Week Six at "Food, What?!"

Week six started off with a memory and attention game. We divided into two lines facing each other and studied the person in front of us, trying to remember every little detail about the way they looked. One line turned around and other other side quickly made changes to their clothing- tucked in a shirt, untied their shoes, turned around a hat- to see if the other team would notice. Each round got trickier as we got more creative with how to sneakily change our appearances to fool the opposing team.



After the game we made our way to the kitchen! Some folks jumped on making corn bread while others got right to chopping up veggies for Stone soup. Mixing up the batter, we were a little surprised to find that corn bread actually has corn kernels in it! We harvested fresh rosemary, sage, and thyme to give our soup an extra kick and tossed all of our colorful vegetables in the pot to stew while we did our farm work.




 

We made our way over to the field to skim beds, dig the rows, and add compost to the soil. After the rows were cleared we planted carrots, beets, and cilantro.
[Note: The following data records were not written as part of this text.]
context prob_space
begin

lemma AE_eq_1_if_norm_le_1_and_integral_eq_1:
  fixes V :: "'a \<Rightarrow> complex"
  assumes Vi: "integrable M V" and Vb: "AE \<omega> in M. cmod (V \<omega>) \<le> 1" and Vint: "integral\<^sup>L M V = 1"
  shows "AE \<omega> in M. V \<omega> = 1"
proof -
  have i1: "integrable M (\<lambda>\<omega>. 1 - Re (V \<omega>))" using Vi by auto
  have "integral\<^sup>L M (\<lambda>\<omega>. 1 - Re (V \<omega>)) = 0"
    using Vi Vint by (simp add: integral_diff prob_space)
  moreover have "AE \<omega> in M. 0 \<le> 1 - Re (V \<omega>)" using Vb
  proof eventually_elim
    case (elim \<omega>)
    thus ?case using complex_Re_le_cmod[of "V \<omega>"] by linarith
  qed
  ultimately have "AE \<omega> in M. 1 - Re (V \<omega>) = 0" using integral_nonneg_eq_0_iff_AE[OF i1] by simp
  thus ?thesis using Vb
  proof eventually_elim
    case (elim \<omega>)
    hence "Re (V \<omega>) = 1" by simp
    moreover have "(Re (V \<omega>))^2 + (Im (V \<omega>))^2 \<le> 1"
      using elim(2) by (simp add: cmod_def power_le_one_iff)
    ultimately show ?case by (simp add: complex_eq_iff)
  qed
qed

lemma laplace_fourier_integrand:
  assumes Dm: "D \<in> borel_measurable M" and Xm: "X \<in> borel_measurable M"
    and D0: "AE \<omega> in M. D \<omega> \<ge> 0" and s: "Re s \<ge> 0"
  shows "(\<lambda>\<omega>. exp (- s * of_real (D \<omega>) + Complex 0 y * of_real (X \<omega>))) \<in> borel_measurable M"
    and "AE \<omega> in M. cmod (exp (- s * of_real (D \<omega>) + Complex 0 y * of_real (X \<omega>))) \<le> 1"
    and "integrable M (\<lambda>\<omega>. exp (- s * of_real (D \<omega>) + Complex 0 y * of_real (X \<omega>)))"
proof -
  show m: "(\<lambda>\<omega>. exp (- s * of_real (D \<omega>) + Complex 0 y * of_real (X \<omega>))) \<in> borel_measurable M"
    using Dm Xm by measurable
  show b: "AE \<omega> in M. cmod (exp (- s * of_real (D \<omega>) + Complex 0 y * of_real (X \<omega>))) \<le> 1"
    using D0 by eventually_elim (simp add: mult_nonneg_nonneg s)
  show "integrable M (\<lambda>\<omega>. exp (- s * of_real (D \<omega>) + Complex 0 y * of_real (X \<omega>)))"
    by (rule integrable_const_bound[OF b m])
qed

lemma norm_laplace_fourier_le_1:
  assumes "D \<in> borel_measurable M" "X \<in> borel_measurable M" "AE \<omega> in M. D \<omega> \<ge> 0" "Re s \<ge> 0"
  shows "cmod (laplace_fourier M D X s y) \<le> 1"
proof -
  note Z = laplace_fourier_integrand[OF assms, of y]
  have "cmod (laplace_fourier M D X s y)
      \<le> (\<integral>\<omega>. cmod (exp (- s * of_real (D \<omega>) + Complex 0 y * of_real (X \<omega>))) \<partial>M)"
    unfolding laplace_fourier_def by (rule integral_norm_bound)
  also have "\<dots> \<le> 1" by (rule integral_le_const[OF integrable_norm[OF Z(3)] Z(2)])
  finally show ?thesis .
qed

lemma isCont_laplace_fourier:
  assumes "D \<in> borel_measurable M" "X \<in> borel_measurable M" "AE \<omega> in M. D \<omega> \<ge> 0" "Re s \<ge> 0"
  shows "isCont (laplace_fourier M D X s) y"
proof (rule continuous_at_sequentially[THEN iffD2], intro allI impI)
  fix u :: "nat \<Rightarrow> real" assume u: "u \<longlonglongrightarrow> y"
  note Z = laplace_fourier_integrand[OF assms]
  have "(\<lambda>n. laplace_fourier M D X s (u n)) \<longlonglongrightarrow> laplace_fourier M D X s y"
    unfolding laplace_fourier_def
  proof (rule integral_dominated_convergence[where w="\<lambda>_. 1"])
    show "AE \<omega> in M. (\<lambda>n. exp (- s * of_real (D \<omega>) + Complex 0 (u n) * of_real (X \<omega>)))
        \<longlonglongrightarrow> exp (- s * of_real (D \<omega>) + Complex 0 y * of_real (X \<omega>))"
      using u by (intro AE_I2) (auto simp: complex_of_real_def[symmetric] intro!: tendsto_intros)
  qed (use Z in auto)
  thus "(laplace_fourier M D X s \<circ> u) \<longlonglongrightarrow> laplace_fourier M D X s y" by (simp add: o_def)
qed

(* If |phi(y0)| = 1, the integrand is a.s. equal to phi(y0), so shifting y factors out the
   characteristic function of X. *)
lemma laplace_fourier_shift:
  assumes Dm: "D \<in> borel_measurable M" and Xm: "X \<in> borel_measurable M"
    and D0: "AE \<omega> in M. D \<omega> \<ge> 0" and s: "Re s \<ge> 0"
    and norm1: "cmod (laplace_fourier M D X s y0) = 1"
  shows "laplace_fourier M D X s (y0 + t) = laplace_fourier M D X s y0 * charfun M X t"
proof -
  define Z where "Z = (\<lambda>\<omega>. exp (- s * of_real (D \<omega>) + Complex 0 y0 * of_real (X \<omega>)))"
  define w where "w = laplace_fourier M D X s y0"
  note Z_props = laplace_fourier_integrand[OF Dm Xm D0 s, of y0]
  have Zm: "Z \<in> borel_measurable M" and Zb: "AE \<omega> in M. cmod (Z \<omega>) \<le> 1" and Zi: "integrable M Z"
    unfolding Z_def by (fact Z_props)+
  have ww: "cnj w * w = 1"
    using norm1 unfolding w_def by (simp add: complex_norm_square[symmetric] mult.commute)
  have "AE \<omega> in M. cnj w * Z \<omega> = 1"
  proof (rule AE_eq_1_if_norm_le_1_and_integral_eq_1)
    show "integrable M (\<lambda>\<omega>. cnj w * Z \<omega>)" using Zi by simp
    show "AE \<omega> in M. cmod (cnj w * Z \<omega>) \<le> 1"
      using Zb by eventually_elim (simp add: norm_mult norm1[folded w_def])
    show "(\<integral>\<omega>. cnj w * Z \<omega> \<partial>M) = 1"
      using ww by (simp add: w_def laplace_fourier_def Z_def)
  qed
  hence Zw: "AE \<omega> in M. Z \<omega> = w"
  proof eventually_elim
    case (elim \<omega>)
    hence "w * (cnj w * Z \<omega>) = w" by simp
    thus ?case using ww by (simp add: mult.assoc[symmetric] mult.commute[of w])
  qed
  have split: "exp (- s * of_real (D \<omega>) + Complex 0 (y0 + t) * of_real (X \<omega>))
      = Z \<omega> * exp (Complex 0 t * of_real (X \<omega>))" for \<omega>
  proof -
    have "Complex 0 (y0 + t) * of_real (X \<omega>) = Complex 0 y0 * of_real (X \<omega>) + Complex 0 t * of_real (X \<omega>)"
      by (simp add: complex_eq_iff distrib_right)
    hence "- s * of_real (D \<omega>) + Complex 0 (y0 + t) * of_real (X \<omega>)
      = (- s * of_real (D \<omega>) + Complex 0 y0 * of_real (X \<omega>)) + Complex 0 t * of_real (X \<omega>)" by simp
    thus ?thesis unfolding Z_def by (simp only: exp_add)
  qed
  have "laplace_fourier M D X s (y0 + t) = (\<integral>\<omega>. Z \<omega> * exp (Complex 0 t * of_real (X \<omega>)) \<partial>M)"
    unfolding laplace_fourier_def split ..
  also have "\<dots> = (\<integral>\<omega>. w * exp (Complex 0 t * of_real (X \<omega>)) \<partial>M)"
    using Zw Zm Xm by (intro integral_cong_AE) auto
  also have "\<dots> = w * charfun M X t" unfolding charfun_def by simp
  finally show ?thesis unfolding w_def .
qed

lemma charfun_Im_derivative_at_0:
  assumes Xm: "X \<in> borel_measurable M" and Xi: "integrable M X"
  shows "(\<lambda>n. real (Suc n) * Im (charfun M X (inverse (real (Suc n))))) \<longlonglongrightarrow> (\<integral>\<omega>. X \<omega> \<partial>M)"
proof -
  have "real (Suc n) * Im (charfun M X (inverse (real (Suc n))))
      = (\<integral>\<omega>. real (Suc n) * sin (inverse (real (Suc n)) * X \<omega>) \<partial>M)" for n
  proof -
    let ?t = "inverse (real (Suc n))"
    have "integrable M (\<lambda>\<omega>. exp (Complex 0 ?t * of_real (X \<omega>)))"
      using Xm by (intro integrable_const_bound[where B=1]) auto
    hence "Im (charfun M X ?t) = (\<integral>\<omega>. Im (exp (Complex 0 ?t * of_real (X \<omega>))) \<partial>M)"
      unfolding charfun_def by (rule integral_Im[symmetric])
    also have "\<dots> = (\<integral>\<omega>. sin (?t * X \<omega>) \<partial>M)"
      by (intro arg_cong[where f="integral\<^sup>L M"] ext) (simp add: Im_exp)
    finally show ?thesis by simp
  qed
  moreover have "(\<lambda>n. \<integral>\<omega>. real (Suc n) * sin (inverse (real (Suc n)) * X \<omega>) \<partial>M) \<longlonglongrightarrow> (\<integral>\<omega>. X \<omega> \<partial>M)"
    by (rule integral_dominated_convergence[where w="\<lambda>\<omega>. \<bar>X \<omega>\<bar>"])
      (use Xm Xi scaled_sin_tendsto scaled_sin_bound in auto)
  ultimately show ?thesis by simp
qed

end


theorem propositionA1:
  fixes M :: "'a measure" and A B1 B2 :: "'a \<Rightarrow> real" and c1 c2 :: real
    and P Q :: "complex poly poly poly" and f g :: "complex poly poly" and s1 :: complex
  assumes "prob_space M"
    and "A \<in> borel_measurable M" "B1 \<in> borel_measurable M" "B2 \<in> borel_measurable M"
    and "AE \<omega> in M. A \<omega> > 0" "AE \<omega> in M. B1 \<omega> \<ge> 0" "AE \<omega> in M. B2 \<omega> \<ge> 0"
    and "c1 > 0" "c2 > 0"
    and "AE \<omega> in M. B1 \<omega> / c1 \<ge> B2 \<omega> / c2"
    \<comment> \<open>rationality of H(q0,q1,q2) = E exp(-q0 A - q1 B1 - q2 B2)\<close>
    and "P \<noteq> 0"
    and "\<And>q0 q1 q2. Re q0 \<ge> 0 \<Longrightarrow> Re q1 \<ge> 0 \<Longrightarrow> Re q2 \<ge> 0 \<Longrightarrow> eval3 P q0 q1 q2 \<noteq> 0 \<Longrightarrow>
        (\<integral>\<omega>. exp (- (q0 * of_real (A \<omega>) + q1 * of_real (B1 \<omega>) + q2 * of_real (B2 \<omega>))) \<partial>M)
          = eval3 Q q0 q1 q2 / eval3 P q0 q1 q2"
    \<comment> \<open>the induced representation E exp(-s1 D + z X2) = f(s1,z)/g(s1,z)\<close>
    and "\<And>s z. Re s \<ge> 0 \<Longrightarrow> Re z = 0 \<Longrightarrow> eval2 g s z \<noteq> 0 \<Longrightarrow>
        (\<integral>\<omega>. exp (- s * of_real (B1 \<omega> / c1 - B2 \<omega> / c2) + z * of_real (A \<omega> - B2 \<omega> / c2)) \<partial>M)
          = eval2 f s z / eval2 g s z"
    and "\<And>s. degree (sect2 f s) < degree (sect2 g s)"
    \<comment> \<open>drift condition\<close>
    and "integrable M A" "integrable M B2"
    and "c2 * (\<integral>\<omega>. A \<omega> \<partial>M) - (\<integral>\<omega>. B2 \<omega> \<partial>M) > 0"
    and "Re s1 \<ge> 0"
  shows "zeros_rhp (sect2 g s1 - sect2 f s1) = zeros_rhp (sect2 g s1)"
proof -
  interpret prob_space M by (rule assms(1))
  define D where "D = (\<lambda>\<omega>. B1 \<omega> / c1 - B2 \<omega> / c2)"
  define X where "X = (\<lambda>\<omega>. A \<omega> - B2 \<omega> / c2)"
  have Dm: "D \<in> borel_measurable M" unfolding D_def using assms(3,4) by measurable
  have Xm: "X \<in> borel_measurable M" unfolding X_def using assms(2,4) by measurable
  have D0: "AE \<omega> in M. D \<omega> \<ge> 0" using assms(10) by eventually_elim (simp add: D_def)
  have Xi: "integrable M X" unfolding X_def using assms(15,16) by auto
  have "(\<integral>\<omega>. X \<omega> \<partial>M) = (c2 * (\<integral>\<omega>. A \<omega> \<partial>M) - (\<integral>\<omega>. B2 \<omega> \<partial>M)) / c2"
    unfolding X_def using assms(9,15,16) by (simp add: field_simps)
  hence EX: "(\<integral>\<omega>. X \<omega> \<partial>M) > 0" using assms(9,17) by simp
  show ?thesis
  proof (rule zeros_rhp_by_axis_profile[OF assms(14), where \<phi>="laplace_fourier M D X s1"
        and \<psi>="charfun M X" and m="\<integral>\<omega>. X \<omega> \<partial>M"])
    show "laplace_fourier M D X s1 y = poly (sect2 f s1) (Complex 0 y) / poly (sect2 g s1) (Complex 0 y)"
      if "poly (sect2 g s1) (Complex 0 y) \<noteq> 0" for y
      using assms(13)[of s1 "Complex 0 y"] assms(18) that
      unfolding laplace_fourier_def D_def X_def eval2_def by simp
  qed (use norm_laplace_fourier_le_1[OF Dm Xm D0 assms(18)] isCont_laplace_fourier[OF Dm Xm D0 assms(18)]
        laplace_fourier_shift[OF Dm Xm D0 assms(18)] charfun_Im_derivative_at_0[OF Xm Xi] EX in auto)
qed

end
All of the hard work the crew is putting into clearing the beds will ensure a bountiful season of veggies!

 

 
 

With the farm work finished, it was time to get down to business. This week's workshop was not only about how to get a job, but also how to keep it! Doron discussed the valuable details of applying for a job that could make or break the opportunity ranging from the cleanliness of an application to communication when handing it in. He gave us some tips for interviewing and stressed the importance of arriving on time. We then talked about communication with employers and how reliable attendance goes a long way. We even practiced the best way to tell a boss if we won't be able to make it to a shift. After all of this talk about jobs, Doron told us about an opportunity right at our fingertips: the Food What summer job! He told us what it's all about and encouraged us to fill out an application.


 Just as we finished up the workshop, the Stone soup was smelling delicious and the corn bread muffins were looking golden and delicious. We served bowls of the colorful soup and enjoyed it oven-fresh muffins (and the kernels tasted pretty good!). Before we left for the day, Doron passed out Food What Summer Job applications to take home and fill out.